Looking for a stylish yet fast to make card, perfect for gifting to friends who deserve a little break? The epitome of Clean & Simple, today’s graphic card by EH Design Ambassador Carolyn Peeler combines patterned paper, rectangles, and simple watercolour painting to create something special that won’t take long to whip up!
Hi fellow card makers, Carolyn Peeler here to share a CAS card I made a few weeks ago for a friend who I thought deserved a little gift card treat so that her next tea (or coffee) would be on me.
After I decided on the purpose of my card, I went through my stamps to find the perfect set and the “A Breve Note” Essentials by Ellen set jumped out at me.
I started by Stamping the teacup and steam onto Ranger Watercolour Paper using their Jet Black Archival ink (you could use any other black, waterproof black ink too, such as the Hero Arts Bold Intense Black or Catherine Pooler Midnight).
Next, I added colour to the stamped image with watercolour. While you could certainly break out your paint pigments, or watercolour pencils, I chose to make my watercolours using Distress Inks in Spun Sugar, Worn Lipstick, Pumice Stone, Vintage Photo, and Peeled Paint.
To make my watercolours, I smooched the inks onto a Ranger Silcone/Craft mat, then added a few drops of water to mix in with the ink. From there, it was time to paint the teacup, tea and steam – oh, and remember to “ground” your image by adding a shadow underneath the cup – it’s a small thing, but adds so much.

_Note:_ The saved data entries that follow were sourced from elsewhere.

lemma Emp_subseq_converges_in_V:
  fixes X :: "'a::metric_space set"
  assumes X: "compact X" and T: "T ` X \<subseteq> X" and x: "x \<in> X"
    and S: "infinite S" "\<forall>n\<in>S. 1 \<le> n"
  obtains r \<nu> where "strict_mono r" "\<And>j. r j \<in> S" "\<nu> \<in> V X T x"
    "weak_star_conv X (\<lambda>j. Emp X T x (r j)) \<nu>"
proof -
  define q where "q = enumerate S"
  have q: "strict_mono q" "\<And>j. q j \<in> S"
    using strict_mono_enumerate enumerate_in_set S(1) unfolding q_def by blast+
  have "Emp X T x (q j) \<in> prob_borel_measures X" for j
    using q(2)[of j] S(2) Emp_in_prob_borel_measures[OF T x] by blast
  then obtain s \<nu> where s: "strict_mono s" and \<nu>: "\<nu> \<in> prob_borel_measures X"
    and conv: "weak_star_conv X (\<lambda>j. Emp X T x (q (s j))) \<nu>"
    using prob_borel_measures_weak_star_seq_compact[OF X, of "\<lambda>j. Emp X T x (q j)"] by blast
  have "strict_mono (q \<circ> s)" "\<forall>j. 1 \<le> (q \<circ> s) j"
    using strict_mono_o[OF q(1) s] q(2) S(2) by auto
  then have "\<nu> \<in> V X T x"
    unfolding V_def using \<nu> conv by (auto simp: o_def)
  then show ?thesis
    using that[of "q \<circ> s" \<nu>] strict_mono_o[OF q(1) s] q(2) conv by (simp add: o_def)
qed

lemma Emp_eventually_near_V:
  fixes X :: "'a::metric_space set" and F :: "('a \<Rightarrow> real) set"
  assumes X: "compact X" and T: "T ` X \<subseteq> X" and x: "x \<in> X"
    and F: "finite F" "\<forall>f\<in>F. continuous_on X f" and e: "0 < e"
  shows "\<forall>\<^sub>F n in sequentially. \<exists>\<mu>\<in>V X T x. \<forall>f\<in>F. \<bar>integral\<^sup>L (Emp X T x n) f - integral\<^sup>L \<mu> f\<bar> < e"
    (is "\<forall>\<^sub>F n in sequentially. ?near n")
proof (rule ccontr)
  define bad where "bad = {n. 1 \<le> n \<and> \<not> ?near n}"
  assume not_eventually: "\<not> ?thesis"
  have "\<not> (\<forall>\<^sub>F n in sequentially. n \<notin> bad)"
  proof
    assume "\<forall>\<^sub>F n in sequentially. n \<notin> bad"
    with eventually_ge_at_top[of 1] have "\<forall>\<^sub>F n in sequentially. ?near n"
      by eventually_elim (auto simp: bad_def)
    with not_eventually show False ..
  qed
  then have "infinite bad"
    by (simp add: cofinite_eq_sequentially[symmetric] eventually_cofinite)
  moreover have "\<forall>n\<in>bad. 1 \<le> n" by (simp add: bad_def)
  ultimately obtain r \<nu> where r: "\<And>j. r j \<in> bad" and \<nu>: "\<nu> \<in> V X T x"
    and conv: "weak_star_conv X (\<lambda>j. Emp X T x (r j)) \<nu>"
    using Emp_subseq_converges_in_V[OF X T x] by metis
  obtain j where "\<forall>f\<in>F. \<bar>integral\<^sup>L (Emp X T x (r j)) f - integral\<^sup>L \<nu> f\<bar> < e"
    using eventually_weak_star_conv_close[OF conv F e] unfolding eventually_sequentially by blast
  then have "?near (r j)"
    using \<nu> by blast
  moreover have "\<not> ?near (r j)"
    using r[of j] unfolding bad_def by blast
  ultimately show False by contradiction
qed

lemma Emp_near_V_sequence:
  fixes X :: "'a::metric_space set" and F :: "('a \<Rightarrow> real) set"
  assumes "compact X" "T ` X \<subseteq> X" "x \<in> X" "finite F" "\<forall>f\<in>F. continuous_on X f" "0 < e"
  obtains \<mu> n0 where "\<And>n. \<mu> n \<in> V X T x"
    and "\<And>n f. n0 \<le> n \<Longrightarrow> f \<in> F \<Longrightarrow> \<bar>integral\<^sup>L (Emp X T x n) f - integral\<^sup>L (\<mu> n) f\<bar> < e"
proof -
  obtain n0 where n0: "\<And>n. n0 \<le> n \<Longrightarrow>
      \<exists>\<mu>\<in>V X T x. \<forall>f\<in>F. \<bar>integral\<^sup>L (Emp X T x n) f - integral\<^sup>L \<mu> f\<bar> < e"
    using Emp_eventually_near_V[OF assms] unfolding eventually_sequentially by blast
  then have "\<exists>\<mu>. \<mu> \<in> V X T x \<and>
      (\<forall>f\<in>F. \<bar>integral\<^sup>L (Emp X T x (max n n0)) f - integral\<^sup>L \<mu> f\<bar> < e)" for n
    by (meson max.cobounded2)
  then obtain \<mu> where "\<And>n. \<mu> n \<in> V X T x \<and>
      (\<forall>f\<in>F. \<bar>integral\<^sup>L (Emp X T x (max n n0)) f - integral\<^sup>L (\<mu> n) f\<bar> < e)"
    by metis
  then show ?thesis
    using that[of \<mu> n0] by (metis max.absorb1)
qed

Next, I prepped my card base. I chose the grey heart patterned paper from the HoneyBee “Sweet on You” 6×6 paper pad to reinforce the “here’s a gift because I care” vibe that I was going for on the card. Then, I offset a rectangle in the coordinating Hero Arts “Peony” pink cardstock on the upper left of the card front.
Before adhering the teacup focal point to the card front, I stamped the “This one’s on me” greeting onto the bottom right of the card with black ink. Finally, I added foam tape to the back of the teacup block so that it was raised from the background of the card. This is a simple, but effective, method of adding visual interest to a CAS card.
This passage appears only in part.